# Drilling a centered hole in dowel rod



## loiblb (Jul 6, 2015)

Not sure this is the proper place to post this.

I have a 2" dia. dowel two feet long that I would like to drill a 1/2" hole down the center to a depth of 6".
The trick is keeping the hole truly center.
I tried to hand drill with small to larger drill bits and it was way off.
Is there a simple jig for this on a drill press?


----------



## MadMark (Jun 3, 2014)

You need a lathe.
M


----------



## ChrisK (Dec 18, 2009)

A lathe will make it easier to get the center. You can try marking the center with a punch and depending on the drill press move the table so you clamp the dowel to it under the bit. You need to be able to get the table parallel to the bit. There is not an easy way to do it it on a drill press.


----------



## MrUnix (May 18, 2012)

Yup, a lathe would be the way to go… although you would need a rather long bit to get 6" of depth. If you want to do it on a drill press, a v-block could be clamped in place to keep it centered and perpendicular, however the hole depth will still present a challenge due to the limited stroke length.

Cheers,
Brad


----------



## Notw (Aug 7, 2013)

I would use something similar to a pen blank drilling vise.
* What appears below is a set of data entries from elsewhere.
(* Let $f_0\in\mathbb{C}[z]$ be a polynomial of length $\ell$ with nonzero constant coefficient, let $t$ be an element of the group $G_\ell=\langle n,h,r\rangle$ of permutations of $P_\ell$, and let $a_0=t(f_0)$. Let $f_0,f_1,\ldots$ and $a_0,a_1,\ldots$ be sequences of Rudin–Shapiro-like polynomials generated from $f_0$ and $a_0$, i.e., $f_{m+1}(z)=f_m(z)+\sigma_m z^{\operatorname{len} f_m}f_m^\dagger(-z)$ and $a_{m+1}(z)=a_m(z)+\sigma'_m z^{\operatorname{len} a_m}a_m^\dagger(-z)$ for some sign sequences $(\sigma_m),(\sigma'_m)$ in $\{-1,1\}$. Then $\lim_{m\to\infty}\mathrm{ADF}(a_m)=\lim_{m\to\infty}\mathrm{ADF}(f_m)$.
   Context: For a polynomial $a(z)=a_0+\cdots+a_dz^d$ of degree $d$, $\operatorname{len}a=1+d$ and $a^\dagger(z)=\overline{a_d}+\overline{a_{d-1}}z+\cdots+\overline{a_0}z^d$; $a^\dagger(-z)$ means $a^\dagger$ evaluated at $-z$; $\widetilde{a}(z)=a(-z)$. $P_\ell$ is the set of polynomials of length $\ell$ in $\mathbb{C}[z]$ with nonzero constant coefficient, and $G_\ell$ is the group of permutations of $P_\ell$ generated by $n(f)=-f$, $h(f)=\widetilde{f}$, $r(f)=f^\dagger$. Polynomials are identified with their coefficient sequences; for a sequence $f$, with $C_{f,f}(s)=\sum_jf_{j+s}\overline{f_j}$, the autocorrelation demerit factor is $\mathrm{ADF}(f)=\sum_{s\ne0}|C_{f,f}(s)|^2/|C_{f,f}(0)|^2$, which equals $\|f\|_4^4/\|f\|_2^4-1$ with $\|f\|_p=\left(\frac{1}{2\pi}\int_0^{2\pi}|f(e^{i\theta})|^pd\theta\right)^{1/p}$. *)

theory Defs
  imports "HOL-Computational_Algebra.Polynomial" Complex_Main
begin

definition plen :: "complex poly \<Rightarrow> nat" where
  "plen a = degree a + 1"

definition Pset :: "nat \<Rightarrow> complex poly set" where
  "Pset l = {f. plen f = l \<and> coeff f 0 \<noteq> 0}"

definition dagger :: "complex poly \<Rightarrow> complex poly" where
  "dagger a = map_poly cnj (reflect_poly a)"

definition negvar :: "complex poly \<Rightarrow> complex poly" where
  "negvar a = pcompose a [:0, -1:]"

definition gen_n :: "complex poly \<Rightarrow> complex poly" where "gen_n f = - f"
definition gen_h :: "complex poly \<Rightarrow> complex poly" where "gen_h f = negvar f"
definition gen_r :: "complex poly \<Rightarrow> complex poly" where "gen_r f = dagger f"

text \<open>The group generated by n, h, r (each is an involution on P_l, so the
  monoid generated under composition is the group).\<close>
inductive_set Ggroup :: "(complex poly \<Rightarrow> complex poly) set" where
  G_id: "id \<in> Ggroup"
| G_n: "t \<in> Ggroup \<Longrightarrow> gen_n \<circ> t \<in> Ggroup"
| G_h: "t \<in> Ggroup \<Longrightarrow> gen_h \<circ> t \<in> Ggroup"
| G_r: "t \<in> Ggroup \<Longrightarrow> gen_r \<circ> t \<in> Ggroup"

definition rs_step :: "complex \<Rightarrow> complex poly \<Rightarrow> complex poly" where
  "rs_step \<sigma> f = f + smult \<sigma> (monom 1 (plen f) * negvar (dagger f))"

definition is_RS_like_seq :: "(nat \<Rightarrow> complex poly) \<Rightarrow> bool" where
  "is_RS_like_seq F \<longleftrightarrow> (\<exists>\<sigma> :: nat \<Rightarrow> complex. (\<forall>m. \<sigma> m \<in> {-1, 1}) \<and>
      (\<forall>m. F (Suc m) = rs_step (\<sigma> m) (F m)))"

definition icoeff :: "complex poly \<Rightarrow> int \<Rightarrow> complex" where
  "icoeff f k = (if k < 0 then 0 else coeff f (nat k))"

definition acorr :: "complex poly \<Rightarrow> int \<Rightarrow> complex" where
  "acorr f s = (\<Sum>j\<in>{0..<int (plen f)}. icoeff f (j + s) * cnj (icoeff f j))"

text \<open>Autocorrelation demerit factor (the sum over s \<noteq> 0 is finite since
  C(s) = 0 for |s| \<ge> len f).\<close>
definition ADF :: "complex poly \<Rightarrow> real" where
  "ADF f = (\<Sum>s\<in>{-(int (plen f) - 1)..int (plen f) - 1} - {0}. (cmod (acorr f s))\<^sup>2)
             / (cmod (acorr f 0))\<^sup>2"

end

theory Submission
  imports Defs "HOL-Analysis.Analysis"
begin

text \<open>
  Let \<open>N\<close>, \<open>A\<close>, \<open>B\<close> be the means over the unit circle of \<open>|f|\<^sup>2\<close>, \<open>|f|\<^sup>4\<close> and
  \<open>|f(z) f(-z)|\<^sup>2\<close> (\<open>norm2_sq\<close>, \<open>norm4_pow4\<close>, \<open>mixed_moment\<close>). On the circle one
  Rudin--Shapiro-like step \<open>f' = rs_step \<sigma> f\<close> satisfies
  \<open>|f'(\<plusminus>z)|\<^sup>2 = |f(z)|\<^sup>2 + |f(-z)|\<^sup>2 \<plusminus> 2\<sigma> Re W(z)\<close> with
  \<open>W(z) = (-1)\<^sup>d z\<^bsup>2d+1\<^esup> conj (f(z) f(-z))\<close> (\<open>rs_cross\<close>), \<open>d = degree f\<close>.
  Since \<open>f(z) f(-z)\<close> has degree at most \<open>2d\<close>, \<open>W\<close> and \<open>W\<^sup>2\<close> have mean zero, and \<open>W\<close> is odd,
  hence orthogonal to the even function \<open>|f(z)|\<^sup>2 + |f(-z)|\<^sup>2\<close>. This gives
  \<open>N' = 2N\<close>, \<open>A' = 2A + 4B\<close>, \<open>B' = 2A\<close>, so \<open>A\<^sub>m/4\<^sup>m \<longrightarrow> 2(A\<^sub>0 + B\<^sub>0)/3\<close> while
  \<open>N\<^sub>m = 2\<^sup>m N\<^sub>0\<close>. By Parseval \<open>ADF f = A/N\<^sup>2 - 1\<close>, so the limit of the ADF depends only on
  \<open>(N, A, B)\<close> of the seed, and \<open>n\<close>, \<open>h\<close>, \<open>r\<close> preserve these.
\<close>

definition has_circle_mean :: "(complex \<Rightarrow> complex) \<Rightarrow> complex \<Rightarrow> bool" where
  "has_circle_mean \<phi> v \<longleftrightarrow> ((\<lambda>\<theta>. \<phi> (cis \<theta>)) has_integral (of_real (2*pi) * v)) {0..2*pi}"

definition circle_mean :: "(complex \<Rightarrow> complex) \<Rightarrow> complex" where
  "circle_mean \<phi> = integral {0..2*pi} (\<lambda>\<theta>. \<phi> (cis \<theta>)) / of_real (2*pi)"

lemma has_circle_mean_add:
  "has_circle_mean \<phi> a \<Longrightarrow> has_circle_mean \<psi> b \<Longrightarrow> has_circle_mean (\<lambda>z. \<phi> z + \<psi> z) (a + b)"
  unfolding has_circle_mean_def distrib_left by (rule has_integral_add)

lemma has_circle_mean_diff:
  "has_circle_mean \<phi> a \<Longrightarrow> has_circle_mean \<psi> b \<Longrightarrow> has_circle_mean (\<lambda>z. \<phi> z - \<psi> z) (a - b)"
  unfolding has_circle_mean_def right_diff_distrib by (rule has_integral_diff)

lemma has_circle_mean_uminus: "has_circle_mean \<phi> a \<Longrightarrow> has_circle_mean (\<lambda>z. - \<phi> z) (- a)"
  unfolding has_circle_mean_def mult_minus_right by (rule has_integral_neg)

lemma has_circle_mean_cmult: "has_circle_mean \<phi> a \<Longrightarrow> has_circle_mean (\<lambda>z. c * \<phi> z) (c * a)"
  unfolding has_circle_mean_def mult.left_commute[of "of_real (2*pi)" c a]
  by (rule has_integral_mult_right)

lemma has_circle_mean_cnj:
  assumes "has_circle_mean \<phi> a"
  shows "has_circle_mean (\<lambda>z. cnj (\<phi> z)) (cnj a)"
proof -
  have "((cnj \<circ> (\<lambda>\<theta>. \<phi> (cis \<theta>))) has_integral cnj (of_real (2*pi) * a)) {0..2*pi}"
    using assms unfolding has_circle_mean_def has_integral_cnj .
  then show ?thesis
    unfolding has_circle_mean_def o_def by simp
qed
With it having a "V" notch on each side of the vise it may do a better job than a normal straight face vise. You're going to need to take a lot of time with set up and making sure your table it exactly 90 degrees to you bit.


----------



## bondogaposis (Dec 18, 2011)

Is there a simple jig for this on a drill press?

No, not on a drill press, it is easy to do on a lathe.


----------



## Lazyman (Aug 8, 2014)

Is the problem with finding the true center of the dowel to start with or keeping the drill aligned as you drill?

If finding the center is the problem, there are plenty of center finders available for a few bucks. Or you can make one with super glue and 2 corner braces that will do in a pinch. You align and super glue one brace so that it bisects the other. Just make sure that corner of the bisected brace is showing just enough so that your pencil lead will fit in the corner. Put the dowel into the corner and draw 2 lines from different directions to find the center. If you draw a 3rd line, you'll know for sure if your center finder is accurate when all 3 lines intersect at the same point. Using an awl, center punch or nail to mark the center will help reduce the tendency for the bit to wander as you start to drill.

If keeping it aligned as you drill is the problem and you have a 2" forstner bit or hole saw, drill a hole the size of your dowel in a piece of scrap wood clamped to the drill press table. Put the dowel into the hole, put tape around the dowel if you don't get a snug fit, and make sure that the marked center is aligned with the tip of the bit you will use to drill the center of the dowel. It would be a good idea to check that the dowel is square to the table and bit. You will have to swing your DP table to the side if the center hole is too small for the dowel. You may want to hold the dowel with a handscrew so it doesn't twist and help make sure it stays square to the table. If your bit isn't long enough, you may need to find an extension. Of course this assumes that your drill press is tall enough to accommodate your 2' dowel.

Let me know if that doesn't make sense and I will send a picture.


----------



## Cooler (Feb 3, 2016)

I use my center finder on my Starrett square:

http://www.productsengineering.com/squares/6incombosq3piece.jpg

For greater accuracy use a scribe instead of a pencil. You need to make two lines. Easy.


----------



## JBrow (Nov 18, 2015)

loiblb,

Another approach would be to build a box with the sides of the same thickness and of some length but with one side a little longer than the other three. The inside dimensions of the box should be exactly equal to the diameter of the dowel. Secure a lid to the box, the thicker the lid the better (maybe 1-1/2" thick). The lid must exactly line up with the outside faces of the box. Connect the opposite corners of the lid with a pencil to find the center of the lid. Drill a ½" hole through the lid with a Brad point bit at the center mark at the drill press, ensuring the drill bit is perpendicular to the drill press table.

Insert the dowel into the box until it bottoms out against the lid. Clamp the dowel to the one leg left longer than the others. If the lid is thick enough a drill bit in a hand held drill will follow the hole in the lid and place the bit at the center of the dowel. Using the same drill bit that made the hole in the lid is probably best. If the resulting hole in the dowel is not deep enough, there will probably be enough depth in the hole so that when removed from the jig, the hole in the end of the dowel can be further drilled.


----------